Some people may argue that the format of the final return is inconvenient. There could be other format:

  1. a list of data frames, each giving the result of the regression for a particular LHS variable;
  2. a list of data frames, each giving the result of the regression for a particular RHS variable.

This is really opinion-based. Anyway, you can always do a split.data.frame by "LHS" column or "RHS" column yourself on the data frame I return you.

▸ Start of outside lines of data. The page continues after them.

(* There exist parameter classes $\Phi,\Psi$ and ground truth $\phi^*\in\Phi,\psi^*\in\Psi$ (with $x,y,z$ taking values in the positive integers and no side information) such that for every constant $c>0$ there exist $m,n\ge c$ for which, with probability at least $\frac12(1-e^{-1})e^{-1}$, the output $(\hat\phi,\hat\psi)$ of the two-phase MLE algorithm satisfies $$d_{\mathrm{TV}}\big(\mathbb P_{\hat\phi,\hat\psi}(x,y),\mathbb P_{\phi^*,\psi^*}(x,y)\big)\ge\frac18.$$
   Context: Setup: $\Phi$ indexes joint distributions $\mathbb P_\phi(x,z)$ and $\Psi$ indexes conditional distributions $\mathbb P_\psi(y\mid z)$; $\mathbb P_{\phi,\psi}(x,y)=\sum_z\mathbb P_\phi(x,z)\mathbb P_\psi(y\mid z)$. Data: $m$ i.i.d. unlabeled $x_i\sim\mathbb P_{\phi^*}(x)$ and independent $n$ i.i.d. labeled $(x_j,y_j)\sim\mathbb P_{\phi^*,\psi^*}(x,y)$. Two-phase MLE algorithm: $\hat\phi\in\arg\max_{\phi\in\Phi}\sum_{i=1}^m\log p_\phi(x_i)$, then $\hat\psi\in\arg\max_{\psi\in\Psi}\sum_{j=1}^n\log p_{\hat\phi,\psi}(x_j,y_j)$. $d_{\mathrm{TV}}(P,Q)=\frac12\sum|p-q|$. *)

theory Defs
  imports "HOL-Probability.Probability"
begin

definition joint_xy :: "(nat \<times> nat) pmf \<Rightarrow> (nat \<Rightarrow> nat pmf) \<Rightarrow> (nat \<times> nat) pmf" where
  "joint_xy \<phi> \<psi> = bind_pmf \<phi> (\<lambda>(x, z). map_pmf (\<lambda>y. (x, y)) (\<psi> z))"

definition marg_x :: "(nat \<times> nat) pmf \<Rightarrow> nat pmf" where
  "marg_x \<phi> = map_pmf fst \<phi>"

definition elog :: "real \<Rightarrow> ereal" where
  "elog p = (if p = 0 then - \<infinity> else ereal (ln p))"

fun iid_pmf :: "nat \<Rightarrow> 'a pmf \<Rightarrow> 'a list pmf" where
  "iid_pmf 0 p = return_pmf []"
| "iid_pmf (Suc k) p = bind_pmf p (\<lambda>x. map_pmf (Cons x) (iid_pmf k p))"

definition is_argmax_on :: "('a \<Rightarrow> ereal) \<Rightarrow> 'a set \<Rightarrow> 'a \<Rightarrow> bool" where
  "is_argmax_on f S a \<longleftrightarrow> a \<in> S \<and> (\<forall>b\<in>S. f b \<le> f a)"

R function pairwise_simpleLM

pairwise_simpleLM <- function (dat) {
## matrix and its dimension (n: numbeta.ser of data; p: numbeta.ser of variables)
dat <- as.matrix(dat)
n <- nrow(dat)
p <- ncol(dat)
## variable summary: mean, (unscaled) covariance and (unscaled) variance
m <- colMeans(dat)
V <- crossprod(dat) - tcrossprod(m * sqrt(n))
d <- diag(V)
## R-squared (explained variance) and its complement
R2 <- (V ^ 2) * tcrossprod(1 / d)
R2_complement <- 1 - R2
R2_complement[seq.int(from = 1, by = p + 1, length = p)] <- 0
## slope and intercept
beta <- V * rep(1 / d, each = p)
alpha <- m - beta * rep(m, each = p)
## residual sum of squares and standard error
RSS <- R2_complement * d
sig <- sqrt(RSS * (1 / (n - 2)))
## statistics for slope
beta.se <- sig * rep(1 / sqrt(d), each = p)
beta.tv <- beta / beta.se
beta.pv <- 2 * pt(abs(beta.tv), n - 2, lower.tail = FALSE)
## F-statistic and p-value
F.fv <- (n - 2) * R2 / R2_complement
F.pv <- pf(F.fv, 1, n - 2, lower.tail = FALSE)
## export
data.frame(LHS = rep(colnames(dat), times = p),
RHS = rep(colnames(dat), each = p),
alpha = c(alpha),
beta = c(beta),
beta.se = c(beta.se),
beta.tv = c(beta.tv),
beta.pv = c(beta.pv),
sig = c(sig),
R2 = c(R2),
F.fv = c(F.fv),
F.pv = c(F.pv),
stringsAsFactors = FALSE)
}

Let's compare the result on the toy dataset in the question.

oo <- poor(dat)
rr <- pairwise_simpleLM(dat)
all.equal(oo, rr)
#[1] TRUE

Let's see its output:

rr[1:3, ]
# LHS RHS alpha beta beta.se beta.tv beta.pv sig
#1 A A 0.00000000 1.0000000 0.00000000 Inf 0.000000e+00 0.0000000
#2 B A 0.05550367 0.6206434 0.04456744 13.92594 5.796437e-25 0.1252402
#3 C A 0.05809455 1.2215173 0.04790027 25.50126 4.731618e-45 0.1346059
# R2 F.fv F.pv
#1 1.0000000 Inf 0.000000e+00
#2 0.6643051 193.9317 5.796437e-25
#3 0.8690390 650.3142 4.731618e-45

When we have the same LHS and RHS, regression is meaningless hence intercept is 0, slope is 1, etc.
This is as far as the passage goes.